Up front, four-star recruits Derek Barnett, Dewayne Hendrix, Joe Henderson and Michael Sawyers join a group full of unproven commodities. Linebackers Dillon Bates, Chris Weatherd and Gavin Bryant figure to get a good shot at playing time. Safeties Todd Kelly Jr., Cortez McDowell and Rashaan Gaulden also will compete for starting spots.

"It's going to help the competition," said A.J. Johnson, the Vols' All-SEC middle linebacker. "When you've got competition, that helps everybody elevate their game, because you can't slack. You've got somebody right behind you, who's pushing you. If you mess up, they're going to hop right in and take your spot. That's one thing competition does bring. It brings a lot."

That meant this spring was crucial for a handful of returning players.

"I believe I had a good spring," McNeil said, "because I improved tackling in space, I improved my cover skills and I improved my knowledge of the scheme."

It took the 6-foot-1, 199-pound McNeil four and a half games to break into Tennessee's starting defense in 2012. After Brian Randolph was lost for the season, the freshman entered for the struggling Brent Brewer midway through Tennessee's 51-44 loss at Georgia, made his first start at Mississippi State the following game and has started every game since.

After a 58-tackle debut season that earned him Freshman All-SEC honors, McNeil was the Vols' fourth-leading tackler with 54 stops last season, though he often struggled with open-field tackling and pursuit angles.
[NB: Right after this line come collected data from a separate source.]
lemma norm_proj_le_suminf:
  assumes s_mem: "\<And>j. s j \<in> closed_span" and "s sums z" and "summable c"
    and bound: "\<And>j n. norm (proj n (s j)) \<le> c j"
  shows "norm (proj n z) \<le> suminf c"
proof -
  define Z where "Z J = (\<Sum>j<J. s j)" for J
  have Z_mem: "Z J \<in> closed_span" for J
    unfolding Z_def by (rule subspace_sum[OF subspace_closed_span s_mem])
  have "Z \<longlonglongrightarrow> z"
    using \<open>s sums z\<close> unfolding sums_def Z_def .
  then have "z \<in> closed_span"
    using closed_sequentially[OF closed_closure] Z_mem by blast
  have coeff_summable: "summable (\<lambda>j. coeff (s j) i)" for i
    using bound \<open>summable c\<close> by (rule summable_coeff)
  define \<alpha> where "\<alpha> i = (\<Sum>j. coeff (s j) i)" for i
  define w where "w n = (\<Sum>i<n. \<alpha> i *\<^sub>R e i)" for n
  have proj_sums: "(\<lambda>j. proj n (s j)) sums w n" for n
    unfolding proj_def w_def \<alpha>_def
    by (intro sums_sum sums_scaleR_left summable_sums coeff_summable)
  have tail: "norm (w n - proj n (Z J)) \<le> (\<Sum>j. c (j + J))" for n J
  proof -
    have "(\<lambda>j. proj n (s (j + J))) sums (w n - proj n (Z J))"
      using sums_split_initial_segment[OF proj_sums, of n J] s_mem
      unfolding Z_def by (simp add: proj_sum)
    then have "w n - proj n (Z J) = (\<Sum>j. proj n (s (j + J)))"
      by (rule sums_unique)
    also have "norm \<dots> \<le> (\<Sum>j. c (j + J))"
      using bound summable_ignore_initial_segment[OF \<open>summable c\<close>] by (rule norm_suminf_le)
    finally show ?thesis .
  qed
  have tail_lim: "(\<lambda>J. \<Sum>j. c (j + J)) \<longlonglongrightarrow> 0"
  proof -
    have "(\<lambda>J. suminf c - (\<Sum>j<J. c j)) \<longlonglongrightarrow> suminf c - suminf c"
      using summable_LIMSEQ[OF \<open>summable c\<close>] by (intro tendsto_diff tendsto_const)
    then show ?thesis
      by (simp add: suminf_minus_initial_segment[OF \<open>summable c\<close>])
  qed
  have "w \<longlonglongrightarrow> z"
  proof (rule LIMSEQ_uniform_approx[OF _ proj_tendsto[OF Z_mem] \<open>Z \<longlonglongrightarrow> z\<close>])
    fix \<epsilon> :: real assume "\<epsilon> > 0"
    then obtain J0 where J0: "\<forall>J\<ge>J0. norm ((\<Sum>j. c (j + J)) - 0) < \<epsilon>"
      using LIMSEQ_D[OF tail_lim] by blast
    have "norm (w n - proj n (Z J)) \<le> \<epsilon>" if "J \<ge> J0" for J n
    proof -
      have "(\<Sum>j. c (j + J)) < \<epsilon>"
        using J0 that by (simp add: abs_less_iff)
      then show ?thesis using tail[of n J] by linarith
    qed
    then show "\<exists>J0. \<forall>J\<ge>J0. \<forall>n. norm (w n - proj n (Z J)) \<le> \<epsilon>" by blast
  qed
  then have "proj n z = w n"
    using coeff_eqI[OF \<open>z \<in> closed_span\<close>] unfolding proj_def w_def by simp
  also have "norm (w n) \<le> suminf c"
    using norm_suminf_le[of "\<lambda>j. proj n (s j)" c] bound \<open>summable c\<close> sums_unique[OF proj_sums] by simp
  finally show ?thesis .
qed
"I was happy with my overall performance," he said, "but I wanted to get better and keep moving forward from that."

With Randolph, who should start at one safety spot as long as he's healthy, out this spring coming off offseason shoulder surgery, McNeil has been a constant on Tennessee's back line while teammates have rotated in Randolph's vacated spot.

Walk-on Devaun Swafford, a nickel back last season, rising sophomore Lemond Johnson and fourth-year junior Geraldo Orta all have gotten first-team work at safety at some point this spring with McNeil, who's on nearly every one of Tennessee's coverage units on special teams.

"He still has a lot of room for growth and development," Vols coach Butch Jones said. "Our entire safety position needs to step up. We had way too many missed tackles last year. The overall communication, they're responsible for us getting the back end lined up and also the linebackers as well.

"Come June, we welcome three more safeties at that position, so it's going to be a lot of competition as we continue to go. LaDarrell's played a role for us in the past. His role is going to continue to increase in terms of the special teams game, but the competition, especially on the defensive side of the ball, will pick up once June occurs."

That's no secret to McNeil, either.

"We're hungry," he said of the Vols' secondary. "We really want to improve from last year and keep moving forward.

"I look forward to helping those guys make the transition from high school to college," he added. "I've got a lot of experience. I've been learning from guys like Brian Randolph and Justin Coleman. I feel like I'm a veteran now."